Extracted records
==========

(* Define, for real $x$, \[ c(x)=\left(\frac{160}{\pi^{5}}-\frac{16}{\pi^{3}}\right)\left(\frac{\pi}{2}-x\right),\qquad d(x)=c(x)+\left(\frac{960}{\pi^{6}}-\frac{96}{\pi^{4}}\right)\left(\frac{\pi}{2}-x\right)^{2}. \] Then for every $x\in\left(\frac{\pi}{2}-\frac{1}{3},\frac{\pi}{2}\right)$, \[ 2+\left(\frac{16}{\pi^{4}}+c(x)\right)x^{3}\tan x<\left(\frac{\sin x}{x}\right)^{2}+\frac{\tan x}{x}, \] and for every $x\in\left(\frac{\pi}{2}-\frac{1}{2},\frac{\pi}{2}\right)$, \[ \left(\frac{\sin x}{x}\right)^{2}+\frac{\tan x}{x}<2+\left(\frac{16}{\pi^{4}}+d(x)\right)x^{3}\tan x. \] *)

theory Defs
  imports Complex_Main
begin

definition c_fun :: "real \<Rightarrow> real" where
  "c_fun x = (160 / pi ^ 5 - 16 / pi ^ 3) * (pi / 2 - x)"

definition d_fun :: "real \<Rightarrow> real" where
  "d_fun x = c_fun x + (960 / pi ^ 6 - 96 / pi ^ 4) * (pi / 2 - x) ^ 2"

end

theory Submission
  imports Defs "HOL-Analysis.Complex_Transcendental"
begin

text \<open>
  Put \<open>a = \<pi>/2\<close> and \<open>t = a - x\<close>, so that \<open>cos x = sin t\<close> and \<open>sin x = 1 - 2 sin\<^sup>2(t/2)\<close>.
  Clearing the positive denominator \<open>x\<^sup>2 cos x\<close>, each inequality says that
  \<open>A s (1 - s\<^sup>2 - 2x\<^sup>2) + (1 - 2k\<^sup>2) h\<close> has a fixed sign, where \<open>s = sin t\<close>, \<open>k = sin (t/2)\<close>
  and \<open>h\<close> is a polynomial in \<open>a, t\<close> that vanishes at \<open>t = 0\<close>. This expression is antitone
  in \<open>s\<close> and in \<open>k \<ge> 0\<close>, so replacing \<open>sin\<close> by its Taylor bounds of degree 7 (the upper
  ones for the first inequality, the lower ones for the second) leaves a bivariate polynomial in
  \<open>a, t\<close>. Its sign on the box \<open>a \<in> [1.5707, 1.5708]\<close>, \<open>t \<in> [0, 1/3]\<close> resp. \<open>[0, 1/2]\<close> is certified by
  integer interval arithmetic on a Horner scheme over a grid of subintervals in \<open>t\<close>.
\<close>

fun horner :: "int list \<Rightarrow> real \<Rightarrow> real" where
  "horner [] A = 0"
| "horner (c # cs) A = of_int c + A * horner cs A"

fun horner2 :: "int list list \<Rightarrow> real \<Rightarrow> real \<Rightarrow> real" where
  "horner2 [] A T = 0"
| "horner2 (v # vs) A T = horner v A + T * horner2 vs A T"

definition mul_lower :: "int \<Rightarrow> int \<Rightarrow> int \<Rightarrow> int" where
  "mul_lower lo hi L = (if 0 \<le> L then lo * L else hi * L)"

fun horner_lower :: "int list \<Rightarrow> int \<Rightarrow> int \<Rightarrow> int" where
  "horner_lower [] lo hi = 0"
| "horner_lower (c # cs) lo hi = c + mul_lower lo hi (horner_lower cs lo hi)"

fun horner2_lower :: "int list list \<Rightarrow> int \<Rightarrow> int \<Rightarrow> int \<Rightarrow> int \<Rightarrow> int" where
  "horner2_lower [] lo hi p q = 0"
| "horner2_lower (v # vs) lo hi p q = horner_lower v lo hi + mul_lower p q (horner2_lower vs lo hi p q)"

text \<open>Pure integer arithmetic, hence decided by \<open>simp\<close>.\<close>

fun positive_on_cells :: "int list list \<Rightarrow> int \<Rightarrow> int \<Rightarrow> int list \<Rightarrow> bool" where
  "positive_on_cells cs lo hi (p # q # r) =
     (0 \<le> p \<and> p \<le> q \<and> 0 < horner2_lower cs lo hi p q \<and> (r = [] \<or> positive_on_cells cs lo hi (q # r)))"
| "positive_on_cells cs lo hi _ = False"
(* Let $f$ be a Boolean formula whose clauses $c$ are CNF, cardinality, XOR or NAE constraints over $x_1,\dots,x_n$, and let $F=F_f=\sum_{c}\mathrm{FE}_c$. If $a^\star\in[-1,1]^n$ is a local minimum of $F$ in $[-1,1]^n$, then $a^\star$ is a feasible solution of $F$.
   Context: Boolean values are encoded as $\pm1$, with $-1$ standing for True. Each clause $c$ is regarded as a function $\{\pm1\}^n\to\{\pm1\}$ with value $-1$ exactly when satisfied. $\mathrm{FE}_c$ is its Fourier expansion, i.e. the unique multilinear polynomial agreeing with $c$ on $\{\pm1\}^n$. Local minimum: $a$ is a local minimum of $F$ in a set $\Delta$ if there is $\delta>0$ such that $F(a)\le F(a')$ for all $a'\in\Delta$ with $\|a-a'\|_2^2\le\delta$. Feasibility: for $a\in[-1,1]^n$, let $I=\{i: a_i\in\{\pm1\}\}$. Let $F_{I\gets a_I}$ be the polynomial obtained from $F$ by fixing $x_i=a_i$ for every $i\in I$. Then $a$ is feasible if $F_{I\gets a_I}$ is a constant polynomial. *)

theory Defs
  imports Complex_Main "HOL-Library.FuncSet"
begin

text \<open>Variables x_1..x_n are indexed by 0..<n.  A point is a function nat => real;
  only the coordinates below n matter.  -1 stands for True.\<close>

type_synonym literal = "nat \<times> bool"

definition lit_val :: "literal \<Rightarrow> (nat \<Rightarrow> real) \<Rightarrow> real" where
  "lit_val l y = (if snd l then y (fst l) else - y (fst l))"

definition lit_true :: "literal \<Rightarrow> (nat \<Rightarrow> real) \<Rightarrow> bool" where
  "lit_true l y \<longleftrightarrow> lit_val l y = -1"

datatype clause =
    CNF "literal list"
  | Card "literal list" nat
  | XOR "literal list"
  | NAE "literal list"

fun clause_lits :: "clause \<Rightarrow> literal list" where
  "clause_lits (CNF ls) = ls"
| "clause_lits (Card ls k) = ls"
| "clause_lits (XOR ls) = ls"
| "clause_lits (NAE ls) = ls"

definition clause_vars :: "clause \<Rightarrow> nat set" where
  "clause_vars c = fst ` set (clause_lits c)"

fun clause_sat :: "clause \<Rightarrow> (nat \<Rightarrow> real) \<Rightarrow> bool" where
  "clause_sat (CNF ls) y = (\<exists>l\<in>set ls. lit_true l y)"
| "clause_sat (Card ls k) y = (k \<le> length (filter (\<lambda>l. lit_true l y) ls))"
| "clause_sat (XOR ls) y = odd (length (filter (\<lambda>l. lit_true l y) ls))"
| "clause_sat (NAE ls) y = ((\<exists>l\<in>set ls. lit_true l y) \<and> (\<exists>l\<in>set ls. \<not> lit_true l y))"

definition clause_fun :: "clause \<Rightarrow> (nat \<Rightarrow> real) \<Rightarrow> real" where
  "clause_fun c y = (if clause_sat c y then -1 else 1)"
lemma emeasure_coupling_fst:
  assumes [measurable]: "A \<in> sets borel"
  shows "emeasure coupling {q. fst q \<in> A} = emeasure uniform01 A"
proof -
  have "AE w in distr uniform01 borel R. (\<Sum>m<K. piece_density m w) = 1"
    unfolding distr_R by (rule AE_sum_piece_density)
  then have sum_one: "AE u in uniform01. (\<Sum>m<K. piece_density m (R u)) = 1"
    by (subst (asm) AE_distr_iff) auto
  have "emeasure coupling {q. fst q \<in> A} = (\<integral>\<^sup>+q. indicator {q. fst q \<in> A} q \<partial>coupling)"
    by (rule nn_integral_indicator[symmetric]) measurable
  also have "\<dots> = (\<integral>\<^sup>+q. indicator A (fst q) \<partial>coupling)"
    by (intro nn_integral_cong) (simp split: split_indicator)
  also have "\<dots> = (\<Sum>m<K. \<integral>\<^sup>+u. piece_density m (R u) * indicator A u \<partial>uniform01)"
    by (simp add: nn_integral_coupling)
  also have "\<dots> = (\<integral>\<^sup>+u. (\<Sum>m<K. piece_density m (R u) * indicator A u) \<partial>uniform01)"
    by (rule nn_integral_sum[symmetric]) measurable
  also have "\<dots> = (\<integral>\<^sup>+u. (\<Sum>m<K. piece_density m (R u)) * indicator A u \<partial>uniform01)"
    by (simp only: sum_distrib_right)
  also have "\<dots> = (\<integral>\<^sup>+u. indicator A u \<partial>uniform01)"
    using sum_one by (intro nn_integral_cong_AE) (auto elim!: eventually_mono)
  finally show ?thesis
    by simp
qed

==========

Take the line with "y = (\<exists>l\<in>set" and every line after it in the data, and please reproduce them exactly, leaving out all other lines.

  "clause_sat (CNF ls) y = (\<exists>l\<in>set ls. lit_true l y)"
| "clause_sat (Card ls k) y = (k \<le> length (filter (\<lambda>l. lit_true l y) ls))"
| "clause_sat (XOR ls) y = odd (length (filter (\<lambda>l. lit_true l y) ls))"
| "clause_sat (NAE ls) y = ((\<exists>l\<in>set ls. lit_true l y) \<and> (\<exists>l\<in>set ls. \<not> lit_true l y))"

definition clause_fun :: "clause \<Rightarrow> (nat \<Rightarrow> real) \<Rightarrow> real" where
  "clause_fun c y = (if clause_sat c y then -1 else 1)"
lemma emeasure_coupling_fst:
  assumes [measurable]: "A \<in> sets borel"
  shows "emeasure coupling {q. fst q \<in> A} = emeasure uniform01 A"
proof -
  have "AE w in distr uniform01 borel R. (\<Sum>m<K. piece_density m w) = 1"
    unfolding distr_R by (rule AE_sum_piece_density)
  then have sum_one: "AE u in uniform01. (\<Sum>m<K. piece_density m (R u)) = 1"
    by (subst (asm) AE_distr_iff) auto
  have "emeasure coupling {q. fst q \<in> A} = (\<integral>\<^sup>+q. indicator {q. fst q \<in> A} q \<partial>coupling)"
    by (rule nn_integral_indicator[symmetric]) measurable
  also have "\<dots> = (\<integral>\<^sup>+q. indicator A (fst q) \<partial>coupling)"
    by (intro nn_integral_cong) (simp split: split_indicator)
  also have "\<dots> = (\<Sum>m<K. \<integral>\<^sup>+u. piece_density m (R u) * indicator A u \<partial>uniform01)"
    by (simp add: nn_integral_coupling)
  also have "\<dots> = (\<integral>\<^sup>+u. (\<Sum>m<K. piece_density m (R u) * indicator A u) \<partial>uniform01)"
    by (rule nn_integral_sum[symmetric]) measurable
  also have "\<dots> = (\<integral>\<^sup>+u. (\<Sum>m<K. piece_density m (R u)) * indicator A u \<partial>uniform01)"
    by (simp only: sum_distrib_right)
  also have "\<dots> = (\<integral>\<^sup>+u. indicator A u \<partial>uniform01)"
    using sum_one by (intro nn_integral_cong_AE) (auto elim!: eventually_mono)
  finally show ?thesis
    by simp
qed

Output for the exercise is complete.